Legislators in Pennsylvania’s House of Representatives are debating a rebooted funding model for higher education, which could potentially harm public historically Black institutions in the state.
Throughout the nearly three-hour hearing, members of House Appropriations and Education subcommittees posed questions that focused on changing from a long-standing model that distributes commonwealth funds fairly even-handedly across institutions.
Specifically, the lawmakers are looking at models that direct more funding to students in the form of grants or possibly a model that awards money based on university performance on certain indicators such as graduation and retention rates.
Any funding model that punishes the unique mission of HBCUs — enrolling and graduating students from low-income households and underserved communities — is a funding model that should be dead on arrival. Instead, it’s being debated with very little consideration for how Cheyney and Lincoln will fare in the effort to prop up the state’s larger public-affiliated campuses at the expense of state-supported schools.
Larger state-affiliated schools in the state have endorsed the discussions in part but warn against the competitive advantage it could create for border state schools working hard to recruit students out of the commonwealth.

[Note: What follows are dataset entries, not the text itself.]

lemma clause_sat_redu_xor_gate:
  assumes "j < length (cgates E)" "cgates E ! j = (f, l, r)"
    and "g \<in> gate_clauses (num_nodes G + j) f (compose_node l) (compose_node r)"
  shows "clause_sat (redu redu_vars x) g"
proof -
  have f: "f = (\<noteq>)"
    using xor_E assms(1,2) nth_mem unfolding xor_circuit_def by fastforce
  have lr: "l < num_nodes E" "r < num_nodes E"
    using wf_E assms(1,2) unfolding wf_circuit_def num_nodes_def by fastforce+
  have "redu_vars (num_nodes G + j) = sym_diff (spans ! l) (spans ! r)"
    using nth_xor_vals_gate[OF wf_E assms(1,2)] by (simp add: redu_vars_def spans_def)
  then have "redu redu_vars x (num_nodes G + j) \<longleftrightarrow>
      redu redu_vars x (compose_node l) \<noteq> redu redu_vars x (compose_node r)"
    using lr by (simp add: redu_def redu_vars_compose_node xor_sum_sym_diff finite_spans)
  moreover obtain a b where
    "g = [(compose_node l, \<not> a), (compose_node r, \<not> b), (num_nodes G + j, a \<noteq> b)]"
    using assms(3) unfolding gate_clauses_def f by blast
  ultimately show ?thesis
    unfolding clause_sat_def by auto
qed

lemma compose_gate_clause_reduces:
  assumes "j < length (cgates (compose G E))" "cgates (compose G E) ! j = (f, l, r)"
    and "g \<in> gate_clauses (cin (compose G E) + j) f l r"
  shows "(\<forall>x. clause_sat (redu redu_vars x) g) \<or>
         (\<exists>h \<in> snd (tau y G). \<forall>x. clause_sat (redu redu_vars x) g = clause_sat x h)"
proof (cases "j < length (cgates G)")
  case True
  then have gate: "cgates G ! j = (f, l, r)" and g: "g \<in> gate_clauses (cin G + j) f l r"
    using assms(2,3) by (simp_all add: compose_eq nth_append)
  have "l < num_nodes G" "r < num_nodes G" "cin G + j < num_nodes G"
    using wf_G True gate unfolding wf_circuit_def num_nodes_def by fastforce+
  then have "clause_sat (redu redu_vars x) g = clause_sat x g" for x
    using g by (intro clause_sat_redu_singletons) (auto simp: gate_clauses_def redu_vars_def)
  moreover have "g \<in> snd (tau y G)"
    using gate_clauses_subset_tau[OF True gate] g by blast
  ultimately show ?thesis by blast
next
  case False
  define j' where "j' = j - length (cgates G)"
  have j': "j' < length (cgates E)" "cin (compose G E) + j = num_nodes G + j'"
    using False assms(1) by (auto simp: j'_def compose_eq num_nodes_def)
  obtain f' l' r' where gate: "cgates E ! j' = (f', l', r')" by (cases "cgates E ! j'")
  have "f = f'" "l = compose_node l'" "r = compose_node r'"
    using assms(2) False j' gate by (simp_all add: compose_eq nth_append j'_def)
  then show ?thesis
    using clause_sat_redu_xor_gate[OF j'(1) gate] assms(3) j'(2) by simp
qed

Pennsylvania continues to be weird about Lincoln University of Pennsylvania and Cheyney University. Solutions like merging the two institutions or combining embattled Cheyney with nearby and historically white West Chester University have been publicly offered and have fallen through. Top lawmakers in the state interfered and stopped a presidential dismissal, and it remains unclear why the president was being fired in the first place and why the governor and the attorney general cared so much.
These discussions are at the committee level and could just be another useless shot into the dark. But all shots fired in and around the direction of HBCUs deserve alarms and attention of the highest levels of interest.